Area First Nations are poised to earn millions of dollars from the LNG Canada project thanks to a series of agreements with the provincial government providing cash now, title to lands and a form of ongoing royalty payments once super-cooled natural gas begins to be shipped to customers overseas.
The agreements were negotiated between five First Nations and an umbrella First Nation group called the Coastal First Nation between 2016 and 2017.
In each agreement, lump sums were paid once the agreements were signed with more lump sums to be paid annually based on LNG Canada’s Oct. 2 announcement it was proceeding with its $40 billion Kitimat project.

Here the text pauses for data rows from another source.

(* Let $\mathbb{K}\in\{\mathbb{R},\mathbb{C}\}$, $\mathbf{R}_U\in\mathbb{K}^{n\times n}$ self-adjoint positive definite, $U:=\mathbb{K}^n$ with $\langle\mathbf{x},\mathbf{y}\rangle_U:=\langle\mathbf{R}_U\mathbf{x},\mathbf{y}\rangle$, norm $\|\cdot\|_U$, and dual norm $\|\mathbf{y}\|_{U'}:=\langle\mathbf{y},\mathbf{R}_U^{-1}\mathbf{y}\rangle^{1/2}$. Fix $\mu$, $\mathbf{A}(\mu)\in\mathbb{K}^{n\times n}$, $\mathbf{b}(\mu)\in\mathbb{K}^n$, $\mathbf{u}(\mu)$ with $\mathbf{A}(\mu)\mathbf{u}(\mu)=\mathbf{b}(\mu)$, a subspace $U_r\subseteq U$ and $\mathbf{\Theta}\in\mathbb{K}^{k\times n}$. Define $\|\mathbf{y}\|_{U_r'}:=\max_{\mathbf{w}\in U_r\setminus\{\mathbf{0}\}}|\langle\mathbf{y},\mathbf{w}\rangle|/\|\mathbf{w}\|_U$ and $\|\mathbf{y}\|_{U_r'}^{\mathbf{\Theta}}:=\max_{\mathbf{x}\in U_r\setminus\{\mathbf{0}\}}|\langle\mathbf{\Theta}\mathbf{R}_U^{-1}\mathbf{y},\mathbf{\Theta}\mathbf{x}\rangle|/\|\mathbf{\Theta}\mathbf{x}\|$; $\alpha_r(\mu):=\min_{\mathbf{x}\in U_r\setminus\{\mathbf{0}\}}\|\mathbf{A}(\mu)\mathbf{x}\|_{U_r'}/\|\mathbf{x}\|_U$, $\beta_r(\mu):=\max_{\mathbf{x}\in(\mathrm{span}\{\mathbf{u}(\mu)\}+U_r)\setminus\{\mathbf{0}\}}\|\mathbf{A}(\mu)\mathbf{x}\|_{U_r'}/\|\mathbf{x}\|_U$, $\beta(\mu):=\max_{\mathbf{x}\in U\setminus\{\mathbf{0}\}}\|\mathbf{A}(\mu)\mathbf{x}\|_{U'}/\|\mathbf{x}\|_U$; $\alpha_r^{\mathbf{\Theta}}(\mu)$ and $\beta_r^{\mathbf{\Theta}}(\mu)$ defined as $\alpha_r(\mu),\beta_r(\mu)$ with $\|\cdot\|_{U_r'}$ replaced by $\|\cdot\|_{U_r'}^{\mathbf{\Theta}}$ (denominators still $\|\mathbf{x}\|_U$); and $$a_r(\mu):=\max_{\mathbf{w}\in U_r\setminus\{\mathbf{0}\}}\frac{\|\mathbf{A}(\mu)\mathbf{w}\|_{U'}}{\|\mathbf{A}(\mu)\mathbf{w}\|_{U_r'}}.$$ Let $Y_r(\mu):=U_r+\mathrm{span}\{\mathbf{R}_U^{-1}(\mathbf{b}(\mu)-\mathbf{A}(\mu)\mathbf{x}):\mathbf{x}\in U_r\}$. If for some $\varepsilon\in[0,1)$, $|\langle\mathbf{x},\mathbf{y}\rangle_U-\langle\mathbf{\Theta}\mathbf{x},\mathbf{\Theta}\mathbf{y}\rangle|\le\varepsilon\|\mathbf{x}\|_U\|\mathbf{y}\|_U$ for all $\mathbf{x},\mathbf{y}\in Y_r(\mu)$, then $$\alpha_r^{\mathbf{\Theta}}(\mu)\ge\frac{1}{\sqrt{1+\varepsilon}}(1-\varepsilon a_r(\mu))\alpha_r(\mu),\qquad\beta_r^{\mathbf{\Theta}}(\mu)\le\frac{1}{\sqrt{1-\varepsilon}}(\beta_r(\mu)+\varepsilon\beta(\mu)).$$
   Context: $\langle\mathbf{x},\mathbf{y}\rangle=\mathbf{x}^{\mathrm{H}}\mathbf{y}$ is the canonical inner product and $\|\cdot\|$ the Euclidean norm. *)

theory Defs
  imports "HOL-Analysis.Analysis"
begin

text \<open>A field K with K = R or K = C: a real normed field equipped with its
  conjugation (identity on R, complex conjugation on C). By Gelfand-Mazur these
  axioms only admit R and C (up to isomorphism); both are instantiated below.\<close>

class has_cj =
  fixes cj :: "'a \<Rightarrow> 'a"

class rc_field = real_normed_field + has_cj +
  assumes cj_add: "cj (x + y) = cj x + cj y"
    and cj_mult: "cj (x * y) = cj x * cj y"
    and cj_cj: "cj (cj x) = x"
    and cj_of_real: "cj (scaleR r 1) = scaleR r 1"
    and cj_mult_self: "cj x * x = scaleR ((norm x)\<^sup>2) 1"

instantiation real :: has_cj
begin
definition cj_real :: "real \<Rightarrow> real" where "cj_real x = x"
instance ..
end

instance real :: rc_field
proof
  fix x y :: real and r :: real
  show "cj (x + y) = cj x + cj y" "cj (x * y) = cj x * cj y" "cj (cj x) = x"
    "cj (scaleR r 1) = scaleR r (1::real)" by (simp_all add: cj_real_def)
  show "cj x * x = scaleR ((norm x)\<^sup>2) 1"
    by (simp add: cj_real_def power2_eq_square)
qed

instantiation complex :: has_cj
begin
definition cj_complex :: "complex \<Rightarrow> complex" where "cj_complex z = cnj z"
instance ..
end

instance complex :: rc_field
proof
  fix x y :: complex and r :: real
  show "cj (x + y) = cj x + cj y" "cj (x * y) = cj x * cj y" "cj (cj x) = x"
    "cj (scaleR r 1) = scaleR r (1::complex)" by (simp_all add: cj_complex_def)
  show "cj x * x = scaleR ((norm x)\<^sup>2) 1"
    by (simp only: cj_complex_def scaleR_conv_of_real mult_1_right complex_norm_square mult.commute mult_1_left)
qed

definition inn :: "'a::rc_field ^ 'n \<Rightarrow> 'a ^ 'n \<Rightarrow> 'a" where
  "inn x y = (\<Sum>i\<in>UNIV. cj (x $ i) * y $ i)"

definition self_adjoint :: "'a::rc_field ^ 'n ^ 'n \<Rightarrow> bool" where
  "self_adjoint M \<longleftrightarrow> (\<forall>i j. M $ i $ j = cj (M $ j $ i))"

definition pos_def :: "'a::rc_field ^ 'n ^ 'n \<Rightarrow> bool" where
  "pos_def M \<longleftrightarrow> (\<forall>x. x \<noteq> 0 \<longrightarrow> (\<exists>r>0. inn x (M *v x) = of_real r))"

text \<open><x,y>_U = <R x, y>, and ||x||_U = <x,x>_U^(1/2) (a nonnegative real,
  written via its modulus).\<close>
definition innU :: "'a::rc_field ^ 'n ^ 'n \<Rightarrow> 'a ^ 'n \<Rightarrow> 'a ^ 'n \<Rightarrow> 'a" where
  "innU R x y = inn (R *v x) y"

definition normU :: "'a::rc_field ^ 'n ^ 'n \<Rightarrow> 'a ^ 'n \<Rightarrow> real" where
  "normU R x = sqrt (norm (innU R x x))"

definition dualU :: "'a::rc_field ^ 'n ^ 'n \<Rightarrow> 'a ^ 'n \<Rightarrow> real" where
  "dualU R y = sqrt (norm (inn y (matrix_inv R *v y)))"

definition dualUr :: "'a::rc_field ^ 'n ^ 'n \<Rightarrow> ('a ^ 'n) set \<Rightarrow> 'a ^ 'n \<Rightarrow> real" where
  "dualUr R Ur y = (SUP w\<in>Ur - {0}. norm (inn y w) / normU R w)"

definition dualUrT :: "'a::rc_field ^ 'n ^ 'n \<Rightarrow> 'a ^ 'n ^ 'k \<Rightarrow> ('a ^ 'n) set \<Rightarrow> 'a ^ 'n \<Rightarrow> real" where
  "dualUrT R Th Ur y =
     (SUP x\<in>Ur - {0}. norm (inn (Th *v (matrix_inv R *v y)) (Th *v x)) / norm (Th *v x))"

definition msum :: "('a::rc_field ^ 'n) set \<Rightarrow> ('a ^ 'n) set \<Rightarrow> ('a ^ 'n) set" where
  "msum S T = {x + y | x y. x \<in> S \<and> y \<in> T}"

definition alpha_r :: "'a::rc_field ^ 'n ^ 'n \<Rightarrow> 'a ^ 'n ^ 'n \<Rightarrow> ('a ^ 'n) set \<Rightarrow> real" where
  "alpha_r R A Ur = (INF x\<in>Ur - {0}. dualUr R Ur (A *v x) / normU R x)"

definition beta_r :: "'a::rc_field ^ 'n ^ 'n \<Rightarrow> 'a ^ 'n ^ 'n \<Rightarrow> 'a ^ 'n \<Rightarrow> ('a ^ 'n) set \<Rightarrow> real" where
  "beta_r R A u Ur = (SUP x\<in>msum (vec.span {u}) Ur - {0}. dualUr R Ur (A *v x) / normU R x)"

definition beta_full :: "'a::rc_field ^ 'n ^ 'n \<Rightarrow> 'a ^ 'n ^ 'n \<Rightarrow> real" where
  "beta_full R A = (SUP x\<in>UNIV - {0}. dualU R (A *v x) / normU R x)"

definition alpha_rT :: "'a::rc_field ^ 'n ^ 'n \<Rightarrow> 'a ^ 'n ^ 'k \<Rightarrow> 'a ^ 'n ^ 'n \<Rightarrow> ('a ^ 'n) set \<Rightarrow> real" where
  "alpha_rT R Th A Ur = (INF x\<in>Ur - {0}. dualUrT R Th Ur (A *v x) / normU R x)"

definition beta_rT :: "'a::rc_field ^ 'n ^ 'n \<Rightarrow> 'a ^ 'n ^ 'k \<Rightarrow> 'a ^ 'n ^ 'n \<Rightarrow> 'a ^ 'n \<Rightarrow> ('a ^ 'n) set \<Rightarrow> real" where
  "beta_rT R Th A u Ur = (SUP x\<in>msum (vec.span {u}) Ur - {0}. dualUrT R Th Ur (A *v x) / normU R x)"

definition a_r :: "'a::rc_field ^ 'n ^ 'n \<Rightarrow> 'a ^ 'n ^ 'n \<Rightarrow> ('a ^ 'n) set \<Rightarrow> real" where
  "a_r R A Ur = (SUP w\<in>Ur - {0}. dualU R (A *v w) / dualUr R Ur (A *v w))"

definition Y_r :: "'a::rc_field ^ 'n ^ 'n \<Rightarrow> 'a ^ 'n ^ 'n \<Rightarrow> 'a ^ 'n \<Rightarrow> ('a ^ 'n) set \<Rightarrow> ('a ^ 'n) set" where
  "Y_r R A b Ur = msum Ur (vec.span {matrix_inv R *v (b - A *v x) | x. x \<in> Ur})"

end

theory Submission
  imports Defs
begin

text \<open>For w in U_r one has <y, w> = <R_U^-1 y, w>_U, and R_U^-1 A x lies in Y_r for every
  x in span {u} + U_r because A u = b. The \<epsilon>-embedding property on Y_r therefore changes
  |<A x, w>| by at most \<epsilon> ||A x||_U' ||w||_U, and keeps ||\<Theta> w|| between
  sqrt (1 - \<epsilon>) ||w||_U and sqrt (1 + \<epsilon>) ||w||_U. This gives, for y = A x,
  ||y||_U_r' \<le> sqrt (1 + \<epsilon>) ||y||^\<Theta>_U_r' + \<epsilon> ||y||_U' and
  sqrt (1 - \<epsilon>) ||y||^\<Theta>_U_r' \<le> ||y||_U_r' + \<epsilon> ||y||_U'.
  On U_r moreover ||A x||_U' \<le> a_r ||A x||_U_r'; dividing by ||x||_U and passing to the
  infimum and the supremum gives both inequalities.\<close>

lemma cj_zero [simp]: "cj (0::'a::rc_field) = 0"
proof -
  have "cj (0::'a) = cj 0 + cj 0"
    by (metis add_0 cj_add)
  then show ?thesis by simp
qed

lemma cj_of_real_eq [simp]: "cj (of_real r :: 'a::rc_field) = of_real r"
  by (simp add: of_real_def cj_of_real)

lemma cj_uminus [simp]: "cj (- x :: 'a::rc_field) = - cj x"
proof -
  have "cj (x + - x) = 0" by simp
  then show ?thesis by (simp only: cj_add) (simp add: add_eq_0_iff)
qed

lemma cj_diff [simp]: "cj (x - y :: 'a::rc_field) = cj x - cj y"
  by (metis cj_add cj_uminus diff_conv_add_uminus)

lemma cj_one [simp]: "cj (1::'a::rc_field) = 1"
  using cj_of_real_eq[of 1] by simp

declare cj_add [simp] cj_mult [simp] cj_cj [simp]

lemma cj_sum: "cj (sum f S :: 'a::rc_field) = (\<Sum>i\<in>S. cj (f i))"
  by (induction S rule: infinite_finite_induct) auto

lemma cj_mult_self_of_real: "cj x * x = (of_real ((norm x)\<^sup>2) :: 'a::rc_field)"
  by (simp add: cj_mult_self of_real_def)

lemma mult_cj_self_of_real: "x * cj x = (of_real ((norm x)\<^sup>2) :: 'a::rc_field)"
  by (metis cj_mult_self_of_real mult.commute)

lemma inn_diff_left: "inn (x - y) z = inn x z - inn y z"
  by (simp add: inn_def left_diff_distrib sum_subtractf)

lemma inn_diff_right: "inn x (y - z) = inn x y - inn x z"
  by (simp add: inn_def right_diff_distrib sum_subtractf)

lemma inn_smult_left: "inn (c *s x) y = cj c * inn x y"
  by (simp add: inn_def sum_distrib_left mult.assoc)

lemma inn_smult_right: "inn x (c *s y) = c * inn x y"
  by (simp add: inn_def sum_distrib_left mult_ac)

lemma inn_zero_left [simp]: "inn 0 y = 0"
  by (simp add: inn_def)

lemma inn_zero_right [simp]: "inn x 0 = 0"
  by (simp add: inn_def)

The latter payments are one-time cash transfers, triggered by any one of nine LNG projects listed in the agreements being the first to make a final investments decision which in this case is the LNG Canada project.
The cash and property transfers recognize the territorial and marine aboriginal interests of the First Nations based on the location of LNG plants and the transport routes of LNG-carrying tankers.
To receive the benefits, the First Nations have had to signal their support of a northwestern LNG industry and have promised not to interfere with the development of any LNG project.
Revenue to finance the agreements will come from the provincial government’s coffers supported through its own taxation measures arising from the LNG Canada project.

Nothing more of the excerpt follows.